_YOUR OBJECTIVE_
Each entry below is to be copied out exactly and in full.

_RECORDS PROVIDED_

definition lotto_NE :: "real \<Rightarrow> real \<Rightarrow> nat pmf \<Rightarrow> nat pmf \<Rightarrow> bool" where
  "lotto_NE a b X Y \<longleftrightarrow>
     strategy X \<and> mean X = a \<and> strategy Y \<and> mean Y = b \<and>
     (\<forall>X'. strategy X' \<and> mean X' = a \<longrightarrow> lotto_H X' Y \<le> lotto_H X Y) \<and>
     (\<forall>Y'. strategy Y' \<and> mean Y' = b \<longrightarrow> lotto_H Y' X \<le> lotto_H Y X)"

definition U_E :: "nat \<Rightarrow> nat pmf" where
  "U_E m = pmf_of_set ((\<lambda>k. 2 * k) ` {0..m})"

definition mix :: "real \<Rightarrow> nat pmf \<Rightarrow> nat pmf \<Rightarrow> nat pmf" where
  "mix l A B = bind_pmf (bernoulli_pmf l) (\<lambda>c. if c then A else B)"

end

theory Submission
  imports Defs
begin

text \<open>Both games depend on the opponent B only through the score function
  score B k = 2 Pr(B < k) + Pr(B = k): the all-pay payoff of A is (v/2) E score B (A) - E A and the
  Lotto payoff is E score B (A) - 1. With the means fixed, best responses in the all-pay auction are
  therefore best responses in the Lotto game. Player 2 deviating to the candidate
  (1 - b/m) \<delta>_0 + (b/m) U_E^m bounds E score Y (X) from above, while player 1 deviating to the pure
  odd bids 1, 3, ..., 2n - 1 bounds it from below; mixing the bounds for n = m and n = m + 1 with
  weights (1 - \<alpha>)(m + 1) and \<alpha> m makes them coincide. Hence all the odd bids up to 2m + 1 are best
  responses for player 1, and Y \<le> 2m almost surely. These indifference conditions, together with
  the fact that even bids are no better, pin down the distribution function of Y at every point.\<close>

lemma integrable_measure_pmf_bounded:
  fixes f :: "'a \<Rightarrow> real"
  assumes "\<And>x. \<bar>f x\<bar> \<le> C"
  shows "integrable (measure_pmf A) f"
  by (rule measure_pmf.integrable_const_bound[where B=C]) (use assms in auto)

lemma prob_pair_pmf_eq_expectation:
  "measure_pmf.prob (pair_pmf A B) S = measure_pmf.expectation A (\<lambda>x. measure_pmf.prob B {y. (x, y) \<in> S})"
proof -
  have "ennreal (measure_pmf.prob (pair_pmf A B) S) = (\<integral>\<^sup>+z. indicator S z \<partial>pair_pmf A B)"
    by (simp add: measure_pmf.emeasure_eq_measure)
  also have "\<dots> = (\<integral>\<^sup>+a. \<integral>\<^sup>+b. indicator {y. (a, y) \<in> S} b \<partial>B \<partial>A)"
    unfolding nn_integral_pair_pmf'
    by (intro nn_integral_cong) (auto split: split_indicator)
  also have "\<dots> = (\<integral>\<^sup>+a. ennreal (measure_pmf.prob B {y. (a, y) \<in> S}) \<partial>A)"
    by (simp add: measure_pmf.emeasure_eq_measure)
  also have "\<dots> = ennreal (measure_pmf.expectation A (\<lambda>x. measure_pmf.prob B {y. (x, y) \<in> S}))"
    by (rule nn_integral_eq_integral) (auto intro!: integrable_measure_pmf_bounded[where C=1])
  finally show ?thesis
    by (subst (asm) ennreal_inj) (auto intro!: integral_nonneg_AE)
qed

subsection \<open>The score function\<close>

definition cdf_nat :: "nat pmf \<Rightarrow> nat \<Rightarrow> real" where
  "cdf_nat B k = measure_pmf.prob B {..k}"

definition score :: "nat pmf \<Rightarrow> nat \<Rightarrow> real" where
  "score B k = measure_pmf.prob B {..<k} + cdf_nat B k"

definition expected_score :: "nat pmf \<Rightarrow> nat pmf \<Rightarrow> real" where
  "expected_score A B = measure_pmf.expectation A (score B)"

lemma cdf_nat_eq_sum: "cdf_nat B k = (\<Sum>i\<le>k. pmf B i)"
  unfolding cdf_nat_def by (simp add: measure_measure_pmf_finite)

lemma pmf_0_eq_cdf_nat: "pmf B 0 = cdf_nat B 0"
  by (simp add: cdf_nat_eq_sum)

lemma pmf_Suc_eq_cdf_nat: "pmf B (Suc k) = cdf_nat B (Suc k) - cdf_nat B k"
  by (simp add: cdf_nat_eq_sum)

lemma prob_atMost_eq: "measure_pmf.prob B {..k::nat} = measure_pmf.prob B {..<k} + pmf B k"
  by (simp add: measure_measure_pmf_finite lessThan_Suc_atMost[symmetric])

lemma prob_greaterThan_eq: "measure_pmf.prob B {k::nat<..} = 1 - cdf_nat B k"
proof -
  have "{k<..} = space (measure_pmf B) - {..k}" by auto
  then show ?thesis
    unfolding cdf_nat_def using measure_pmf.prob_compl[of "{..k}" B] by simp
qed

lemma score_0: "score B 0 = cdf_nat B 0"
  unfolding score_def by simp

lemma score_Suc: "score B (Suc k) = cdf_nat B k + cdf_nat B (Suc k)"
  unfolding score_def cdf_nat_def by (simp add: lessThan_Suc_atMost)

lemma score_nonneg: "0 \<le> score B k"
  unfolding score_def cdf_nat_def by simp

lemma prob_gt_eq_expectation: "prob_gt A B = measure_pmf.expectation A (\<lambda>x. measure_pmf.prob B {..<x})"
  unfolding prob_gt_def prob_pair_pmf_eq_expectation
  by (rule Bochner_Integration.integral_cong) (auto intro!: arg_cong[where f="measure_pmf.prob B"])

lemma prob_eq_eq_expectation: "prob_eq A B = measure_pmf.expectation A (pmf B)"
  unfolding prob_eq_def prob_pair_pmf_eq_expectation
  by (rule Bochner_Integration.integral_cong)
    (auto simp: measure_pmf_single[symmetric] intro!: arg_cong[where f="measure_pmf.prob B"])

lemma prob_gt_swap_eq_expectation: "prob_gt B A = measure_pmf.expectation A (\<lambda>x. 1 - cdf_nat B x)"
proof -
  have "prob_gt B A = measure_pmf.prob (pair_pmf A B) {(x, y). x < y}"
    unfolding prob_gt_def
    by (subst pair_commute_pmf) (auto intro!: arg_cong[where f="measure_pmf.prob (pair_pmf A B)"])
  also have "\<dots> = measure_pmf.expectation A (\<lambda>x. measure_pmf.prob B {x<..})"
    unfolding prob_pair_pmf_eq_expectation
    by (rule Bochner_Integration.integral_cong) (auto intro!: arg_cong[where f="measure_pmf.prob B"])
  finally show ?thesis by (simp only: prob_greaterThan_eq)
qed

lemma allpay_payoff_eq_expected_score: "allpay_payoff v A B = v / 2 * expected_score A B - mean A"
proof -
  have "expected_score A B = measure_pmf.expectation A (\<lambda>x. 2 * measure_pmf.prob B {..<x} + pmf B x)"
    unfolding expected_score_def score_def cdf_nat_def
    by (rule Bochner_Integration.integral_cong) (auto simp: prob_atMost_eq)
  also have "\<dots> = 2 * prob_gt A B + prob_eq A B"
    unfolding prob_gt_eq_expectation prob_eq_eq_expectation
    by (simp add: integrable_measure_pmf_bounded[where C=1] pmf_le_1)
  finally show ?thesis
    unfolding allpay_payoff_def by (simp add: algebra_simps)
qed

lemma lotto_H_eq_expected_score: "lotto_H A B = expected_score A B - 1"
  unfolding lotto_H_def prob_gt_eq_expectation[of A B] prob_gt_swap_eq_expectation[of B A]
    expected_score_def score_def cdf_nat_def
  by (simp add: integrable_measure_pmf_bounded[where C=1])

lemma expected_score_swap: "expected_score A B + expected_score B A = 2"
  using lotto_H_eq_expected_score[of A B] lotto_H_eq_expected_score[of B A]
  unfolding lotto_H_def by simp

_SOLUTION_
definition lotto_NE :: "real \<Rightarrow> real \<Rightarrow> nat pmf \<Rightarrow> nat pmf \<Rightarrow> bool" where
  "lotto_NE a b X Y \<longleftrightarrow>
     strategy X \<and> mean X = a \<and> strategy Y \<and> mean Y = b \<and>
     (\<forall>X'. strategy X' \<and> mean X' = a \<longrightarrow> lotto_H X' Y \<le> lotto_H X Y) \<and>
     (\<forall>Y'. strategy Y' \<and> mean Y' = b \<longrightarrow> lotto_H Y' X \<le> lotto_H Y X)"

definition U_E :: "nat \<Rightarrow> nat pmf" where
  "U_E m = pmf_of_set ((\<lambda>k. 2 * k) ` {0..m})"

definition mix :: "real \<Rightarrow> nat pmf \<Rightarrow> nat pmf \<Rightarrow> nat pmf" where
  "mix l A B = bind_pmf (bernoulli_pmf l) (\<lambda>c. if c then A else B)"

end

theory Submission
  imports Defs
begin

text \<open>Both games depend on the opponent B only through the score function
  score B k = 2 Pr(B < k) + Pr(B = k): the all-pay payoff of A is (v/2) E score B (A) - E A and the
  Lotto payoff is E score B (A) - 1. With the means fixed, best responses in the all-pay auction are
  therefore best responses in the Lotto game. Player 2 deviating to the candidate
  (1 - b/m) \<delta>_0 + (b/m) U_E^m bounds E score Y (X) from above, while player 1 deviating to the pure
  odd bids 1, 3, ..., 2n - 1 bounds it from below; mixing the bounds for n = m and n = m + 1 with
  weights (1 - \<alpha>)(m + 1) and \<alpha> m makes them coincide. Hence all the odd bids up to 2m + 1 are best
  responses for player 1, and Y \<le> 2m almost surely. These indifference conditions, together with
  the fact that even bids are no better, pin down the distribution function of Y at every point.\<close>

lemma integrable_measure_pmf_bounded:
  fixes f :: "'a \<Rightarrow> real"
  assumes "\<And>x. \<bar>f x\<bar> \<le> C"
  shows "integrable (measure_pmf A) f"
  by (rule measure_pmf.integrable_const_bound[where B=C]) (use assms in auto)

lemma prob_pair_pmf_eq_expectation:
  "measure_pmf.prob (pair_pmf A B) S = measure_pmf.expectation A (\<lambda>x. measure_pmf.prob B {y. (x, y) \<in> S})"
proof -
  have "ennreal (measure_pmf.prob (pair_pmf A B) S) = (\<integral>\<^sup>+z. indicator S z \<partial>pair_pmf A B)"
    by (simp add: measure_pmf.emeasure_eq_measure)
  also have "\<dots> = (\<integral>\<^sup>+a. \<integral>\<^sup>+b. indicator {y. (a, y) \<in> S} b \<partial>B \<partial>A)"
    unfolding nn_integral_pair_pmf'
    by (intro nn_integral_cong) (auto split: split_indicator)
  also have "\<dots> = (\<integral>\<^sup>+a. ennreal (measure_pmf.prob B {y. (a, y) \<in> S}) \<partial>A)"
    by (simp add: measure_pmf.emeasure_eq_measure)
  also have "\<dots> = ennreal (measure_pmf.expectation A (\<lambda>x. measure_pmf.prob B {y. (x, y) \<in> S}))"
    by (rule nn_integral_eq_integral) (auto intro!: integrable_measure_pmf_bounded[where C=1])
  finally show ?thesis
    by (subst (asm) ennreal_inj) (auto intro!: integral_nonneg_AE)
qed

subsection \<open>The score function\<close>

definition cdf_nat :: "nat pmf \<Rightarrow> nat \<Rightarrow> real" where
  "cdf_nat B k = measure_pmf.prob B {..k}"

definition score :: "nat pmf \<Rightarrow> nat \<Rightarrow> real" where
  "score B k = measure_pmf.prob B {..<k} + cdf_nat B k"

definition expected_score :: "nat pmf \<Rightarrow> nat pmf \<Rightarrow> real" where
  "expected_score A B = measure_pmf.expectation A (score B)"

lemma cdf_nat_eq_sum: "cdf_nat B k = (\<Sum>i\<le>k. pmf B i)"
  unfolding cdf_nat_def by (simp add: measure_measure_pmf_finite)

lemma pmf_0_eq_cdf_nat: "pmf B 0 = cdf_nat B 0"
  by (simp add: cdf_nat_eq_sum)

lemma pmf_Suc_eq_cdf_nat: "pmf B (Suc k) = cdf_nat B (Suc k) - cdf_nat B k"
  by (simp add: cdf_nat_eq_sum)

lemma prob_atMost_eq: "measure_pmf.prob B {..k::nat} = measure_pmf.prob B {..<k} + pmf B k"
  by (simp add: measure_measure_pmf_finite lessThan_Suc_atMost[symmetric])

lemma prob_greaterThan_eq: "measure_pmf.prob B {k::nat<..} = 1 - cdf_nat B k"
proof -
  have "{k<..} = space (measure_pmf B) - {..k}" by auto
  then show ?thesis
    unfolding cdf_nat_def using measure_pmf.prob_compl[of "{..k}" B] by simp
qed

lemma score_0: "score B 0 = cdf_nat B 0"
  unfolding score_def by simp

lemma score_Suc: "score B (Suc k) = cdf_nat B k + cdf_nat B (Suc k)"
  unfolding score_def cdf_nat_def by (simp add: lessThan_Suc_atMost)

lemma score_nonneg: "0 \<le> score B k"
  unfolding score_def cdf_nat_def by simp

lemma prob_gt_eq_expectation: "prob_gt A B = measure_pmf.expectation A (\<lambda>x. measure_pmf.prob B {..<x})"
  unfolding prob_gt_def prob_pair_pmf_eq_expectation
  by (rule Bochner_Integration.integral_cong) (auto intro!: arg_cong[where f="measure_pmf.prob B"])

lemma prob_eq_eq_expectation: "prob_eq A B = measure_pmf.expectation A (pmf B)"
  unfolding prob_eq_def prob_pair_pmf_eq_expectation
  by (rule Bochner_Integration.integral_cong)
    (auto simp: measure_pmf_single[symmetric] intro!: arg_cong[where f="measure_pmf.prob B"])

lemma prob_gt_swap_eq_expectation: "prob_gt B A = measure_pmf.expectation A (\<lambda>x. 1 - cdf_nat B x)"
proof -
  have "prob_gt B A = measure_pmf.prob (pair_pmf A B) {(x, y). x < y}"
    unfolding prob_gt_def
    by (subst pair_commute_pmf) (auto intro!: arg_cong[where f="measure_pmf.prob (pair_pmf A B)"])
  also have "\<dots> = measure_pmf.expectation A (\<lambda>x. measure_pmf.prob B {x<..})"
    unfolding prob_pair_pmf_eq_expectation
    by (rule Bochner_Integration.integral_cong) (auto intro!: arg_cong[where f="measure_pmf.prob B"])
  finally show ?thesis by (simp only: prob_greaterThan_eq)
qed

lemma allpay_payoff_eq_expected_score: "allpay_payoff v A B = v / 2 * expected_score A B - mean A"
proof -
  have "expected_score A B = measure_pmf.expectation A (\<lambda>x. 2 * measure_pmf.prob B {..<x} + pmf B x)"
    unfolding expected_score_def score_def cdf_nat_def
    by (rule Bochner_Integration.integral_cong) (auto simp: prob_atMost_eq)
  also have "\<dots> = 2 * prob_gt A B + prob_eq A B"
    unfolding prob_gt_eq_expectation prob_eq_eq_expectation
    by (simp add: integrable_measure_pmf_bounded[where C=1] pmf_le_1)
  finally show ?thesis
    unfolding allpay_payoff_def by (simp add: algebra_simps)
qed

lemma lotto_H_eq_expected_score: "lotto_H A B = expected_score A B - 1"
  unfolding lotto_H_def prob_gt_eq_expectation[of A B] prob_gt_swap_eq_expectation[of B A]
    expected_score_def score_def cdf_nat_def
  by (simp add: integrable_measure_pmf_bounded[where C=1])

lemma expected_score_swap: "expected_score A B + expected_score B A = 2"
  using lotto_H_eq_expected_score[of A B] lotto_H_eq_expected_score[of B A]
  unfolding lotto_H_def by simp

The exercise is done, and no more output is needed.